Pull every "ultimately" line out of the data below.
BEGIN ENTRIES SUPPLIED
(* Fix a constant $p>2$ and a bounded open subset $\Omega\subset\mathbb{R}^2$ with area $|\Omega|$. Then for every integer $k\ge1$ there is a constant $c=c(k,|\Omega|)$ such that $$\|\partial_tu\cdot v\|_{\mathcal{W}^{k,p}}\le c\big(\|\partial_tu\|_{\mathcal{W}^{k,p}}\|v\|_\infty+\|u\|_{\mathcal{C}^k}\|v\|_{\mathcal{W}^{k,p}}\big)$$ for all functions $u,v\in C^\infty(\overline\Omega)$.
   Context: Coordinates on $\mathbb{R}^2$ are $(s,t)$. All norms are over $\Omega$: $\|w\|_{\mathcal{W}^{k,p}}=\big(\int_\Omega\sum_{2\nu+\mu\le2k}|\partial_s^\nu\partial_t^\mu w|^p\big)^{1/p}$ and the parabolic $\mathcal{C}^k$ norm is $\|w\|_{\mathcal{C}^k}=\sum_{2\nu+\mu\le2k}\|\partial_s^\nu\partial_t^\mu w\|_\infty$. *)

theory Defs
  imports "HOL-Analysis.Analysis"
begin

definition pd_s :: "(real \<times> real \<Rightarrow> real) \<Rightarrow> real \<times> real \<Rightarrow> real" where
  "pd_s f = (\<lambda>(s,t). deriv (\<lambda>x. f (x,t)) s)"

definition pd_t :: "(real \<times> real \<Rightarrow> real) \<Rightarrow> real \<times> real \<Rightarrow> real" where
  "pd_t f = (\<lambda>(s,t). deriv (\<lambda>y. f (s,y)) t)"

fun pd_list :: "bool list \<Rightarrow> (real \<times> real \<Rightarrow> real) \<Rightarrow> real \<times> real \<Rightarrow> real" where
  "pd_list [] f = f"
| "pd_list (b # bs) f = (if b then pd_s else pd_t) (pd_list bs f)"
END ENTRIES SUPPLIED
BEGIN ENTRIES SUPPLIED
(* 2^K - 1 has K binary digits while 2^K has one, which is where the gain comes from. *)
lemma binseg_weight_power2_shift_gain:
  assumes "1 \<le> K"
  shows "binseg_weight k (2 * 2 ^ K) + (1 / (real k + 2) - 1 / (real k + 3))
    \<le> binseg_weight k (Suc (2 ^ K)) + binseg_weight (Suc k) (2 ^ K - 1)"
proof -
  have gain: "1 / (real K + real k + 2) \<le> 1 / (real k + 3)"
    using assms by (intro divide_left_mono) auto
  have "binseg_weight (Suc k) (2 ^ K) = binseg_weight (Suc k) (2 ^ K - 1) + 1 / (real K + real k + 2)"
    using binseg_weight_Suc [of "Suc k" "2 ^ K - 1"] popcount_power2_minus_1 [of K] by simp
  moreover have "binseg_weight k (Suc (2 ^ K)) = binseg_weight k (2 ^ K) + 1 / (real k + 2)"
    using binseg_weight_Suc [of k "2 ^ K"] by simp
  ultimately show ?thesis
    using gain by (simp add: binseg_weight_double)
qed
END ENTRIES SUPPLIED
BEGIN ENTRIES SUPPLIED
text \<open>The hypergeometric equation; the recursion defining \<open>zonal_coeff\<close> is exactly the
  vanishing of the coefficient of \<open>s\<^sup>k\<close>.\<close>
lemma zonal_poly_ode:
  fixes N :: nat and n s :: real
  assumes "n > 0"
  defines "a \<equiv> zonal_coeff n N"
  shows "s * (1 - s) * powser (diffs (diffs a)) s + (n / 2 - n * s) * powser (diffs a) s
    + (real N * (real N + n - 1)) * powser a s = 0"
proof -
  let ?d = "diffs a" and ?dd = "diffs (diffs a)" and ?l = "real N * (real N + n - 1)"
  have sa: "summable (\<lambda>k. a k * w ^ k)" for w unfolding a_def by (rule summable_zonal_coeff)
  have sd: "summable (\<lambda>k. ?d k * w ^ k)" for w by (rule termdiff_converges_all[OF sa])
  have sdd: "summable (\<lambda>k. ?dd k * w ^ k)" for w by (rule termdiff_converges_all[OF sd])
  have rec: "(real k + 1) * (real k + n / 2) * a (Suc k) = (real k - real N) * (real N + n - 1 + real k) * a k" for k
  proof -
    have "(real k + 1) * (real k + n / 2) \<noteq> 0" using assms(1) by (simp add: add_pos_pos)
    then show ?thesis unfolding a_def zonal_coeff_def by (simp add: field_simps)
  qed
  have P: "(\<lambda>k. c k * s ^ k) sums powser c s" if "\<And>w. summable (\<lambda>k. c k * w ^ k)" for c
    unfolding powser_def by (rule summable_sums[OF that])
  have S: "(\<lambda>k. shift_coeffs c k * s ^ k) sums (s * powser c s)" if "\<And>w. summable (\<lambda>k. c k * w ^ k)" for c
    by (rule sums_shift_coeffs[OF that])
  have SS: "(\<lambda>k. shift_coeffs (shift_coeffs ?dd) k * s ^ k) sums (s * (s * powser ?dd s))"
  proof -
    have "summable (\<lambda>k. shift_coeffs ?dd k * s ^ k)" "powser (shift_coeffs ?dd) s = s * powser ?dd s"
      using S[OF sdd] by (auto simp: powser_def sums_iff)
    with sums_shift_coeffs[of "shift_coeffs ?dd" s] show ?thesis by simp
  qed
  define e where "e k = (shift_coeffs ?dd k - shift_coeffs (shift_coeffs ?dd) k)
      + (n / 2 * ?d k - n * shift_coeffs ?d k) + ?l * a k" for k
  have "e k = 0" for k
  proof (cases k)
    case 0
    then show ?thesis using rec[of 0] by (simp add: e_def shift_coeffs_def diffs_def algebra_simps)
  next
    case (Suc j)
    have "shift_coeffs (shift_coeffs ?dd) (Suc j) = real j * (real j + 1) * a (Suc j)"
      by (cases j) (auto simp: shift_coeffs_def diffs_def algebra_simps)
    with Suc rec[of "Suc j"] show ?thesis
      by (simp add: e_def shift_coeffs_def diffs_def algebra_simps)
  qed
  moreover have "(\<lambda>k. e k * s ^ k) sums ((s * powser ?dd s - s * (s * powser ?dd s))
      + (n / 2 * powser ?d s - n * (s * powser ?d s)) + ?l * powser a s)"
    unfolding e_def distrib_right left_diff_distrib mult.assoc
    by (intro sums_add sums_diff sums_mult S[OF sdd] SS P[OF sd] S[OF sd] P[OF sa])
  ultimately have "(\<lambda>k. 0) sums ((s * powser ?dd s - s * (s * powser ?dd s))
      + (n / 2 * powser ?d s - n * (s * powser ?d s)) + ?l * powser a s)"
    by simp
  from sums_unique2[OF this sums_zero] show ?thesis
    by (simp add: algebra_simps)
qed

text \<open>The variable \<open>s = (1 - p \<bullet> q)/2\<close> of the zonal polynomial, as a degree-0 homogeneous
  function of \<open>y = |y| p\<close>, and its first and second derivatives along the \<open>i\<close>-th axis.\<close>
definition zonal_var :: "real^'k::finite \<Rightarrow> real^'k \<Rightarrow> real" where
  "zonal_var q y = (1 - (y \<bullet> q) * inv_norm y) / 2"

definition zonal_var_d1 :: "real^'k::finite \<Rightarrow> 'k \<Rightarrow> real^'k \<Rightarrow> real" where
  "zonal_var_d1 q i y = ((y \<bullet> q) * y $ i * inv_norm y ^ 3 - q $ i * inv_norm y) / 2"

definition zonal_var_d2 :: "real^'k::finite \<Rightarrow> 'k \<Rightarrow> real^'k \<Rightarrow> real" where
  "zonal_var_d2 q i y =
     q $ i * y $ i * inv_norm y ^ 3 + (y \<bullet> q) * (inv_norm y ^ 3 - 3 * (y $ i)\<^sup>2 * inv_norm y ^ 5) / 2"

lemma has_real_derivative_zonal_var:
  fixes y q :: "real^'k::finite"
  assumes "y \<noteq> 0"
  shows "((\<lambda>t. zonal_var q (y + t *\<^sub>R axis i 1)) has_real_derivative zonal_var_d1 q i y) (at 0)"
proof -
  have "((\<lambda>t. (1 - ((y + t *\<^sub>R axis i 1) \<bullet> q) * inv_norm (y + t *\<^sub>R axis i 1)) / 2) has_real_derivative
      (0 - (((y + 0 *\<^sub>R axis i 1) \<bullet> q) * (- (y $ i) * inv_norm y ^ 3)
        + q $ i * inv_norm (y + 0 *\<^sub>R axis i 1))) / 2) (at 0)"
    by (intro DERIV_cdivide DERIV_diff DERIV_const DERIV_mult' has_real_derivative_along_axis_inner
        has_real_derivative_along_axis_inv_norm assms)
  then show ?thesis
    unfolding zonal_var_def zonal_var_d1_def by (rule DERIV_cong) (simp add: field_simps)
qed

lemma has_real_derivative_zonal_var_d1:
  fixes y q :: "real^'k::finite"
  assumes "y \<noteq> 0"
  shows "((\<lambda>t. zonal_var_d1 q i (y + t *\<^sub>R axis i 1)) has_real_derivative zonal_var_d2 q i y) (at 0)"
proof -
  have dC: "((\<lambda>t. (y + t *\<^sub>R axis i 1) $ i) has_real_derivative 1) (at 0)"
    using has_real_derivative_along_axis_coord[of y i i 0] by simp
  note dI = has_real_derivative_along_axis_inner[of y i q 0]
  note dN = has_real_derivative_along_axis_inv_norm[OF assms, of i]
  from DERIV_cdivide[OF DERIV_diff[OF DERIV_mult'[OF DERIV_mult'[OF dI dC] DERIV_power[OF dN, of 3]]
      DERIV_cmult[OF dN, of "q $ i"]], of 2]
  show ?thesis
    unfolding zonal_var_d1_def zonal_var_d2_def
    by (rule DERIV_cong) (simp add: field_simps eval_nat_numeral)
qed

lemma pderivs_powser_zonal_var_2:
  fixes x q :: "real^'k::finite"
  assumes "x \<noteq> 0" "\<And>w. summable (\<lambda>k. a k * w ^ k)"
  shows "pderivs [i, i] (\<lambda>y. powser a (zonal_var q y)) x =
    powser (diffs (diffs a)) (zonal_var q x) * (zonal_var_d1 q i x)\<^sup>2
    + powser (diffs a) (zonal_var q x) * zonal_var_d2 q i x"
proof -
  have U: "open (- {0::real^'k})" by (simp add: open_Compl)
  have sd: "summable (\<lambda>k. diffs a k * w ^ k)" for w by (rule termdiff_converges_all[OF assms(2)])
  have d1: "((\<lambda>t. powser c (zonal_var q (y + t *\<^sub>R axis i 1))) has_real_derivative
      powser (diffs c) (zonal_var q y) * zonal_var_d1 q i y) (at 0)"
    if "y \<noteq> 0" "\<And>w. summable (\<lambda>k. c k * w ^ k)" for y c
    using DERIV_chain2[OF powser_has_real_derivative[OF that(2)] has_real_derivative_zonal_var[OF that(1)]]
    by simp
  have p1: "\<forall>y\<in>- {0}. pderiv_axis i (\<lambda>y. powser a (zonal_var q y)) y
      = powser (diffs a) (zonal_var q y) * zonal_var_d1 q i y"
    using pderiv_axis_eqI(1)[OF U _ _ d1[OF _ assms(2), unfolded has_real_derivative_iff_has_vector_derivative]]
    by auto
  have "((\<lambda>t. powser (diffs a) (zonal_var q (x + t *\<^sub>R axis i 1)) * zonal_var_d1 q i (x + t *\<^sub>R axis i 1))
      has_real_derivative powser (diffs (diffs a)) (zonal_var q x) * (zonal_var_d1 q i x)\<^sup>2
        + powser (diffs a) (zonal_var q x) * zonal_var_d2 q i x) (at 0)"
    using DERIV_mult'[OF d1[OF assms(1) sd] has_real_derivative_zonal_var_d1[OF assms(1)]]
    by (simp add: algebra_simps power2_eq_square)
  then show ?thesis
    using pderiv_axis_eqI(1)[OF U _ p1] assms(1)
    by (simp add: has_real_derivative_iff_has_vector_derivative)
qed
END ENTRIES SUPPLIED
- _OUTPUT FOR THIS EXERCISE_
  ultimately show ?thesis
  ultimately have "(\<lambda>k. 0) sums ((s * powser ?dd s - s * (s * powser ?dd s))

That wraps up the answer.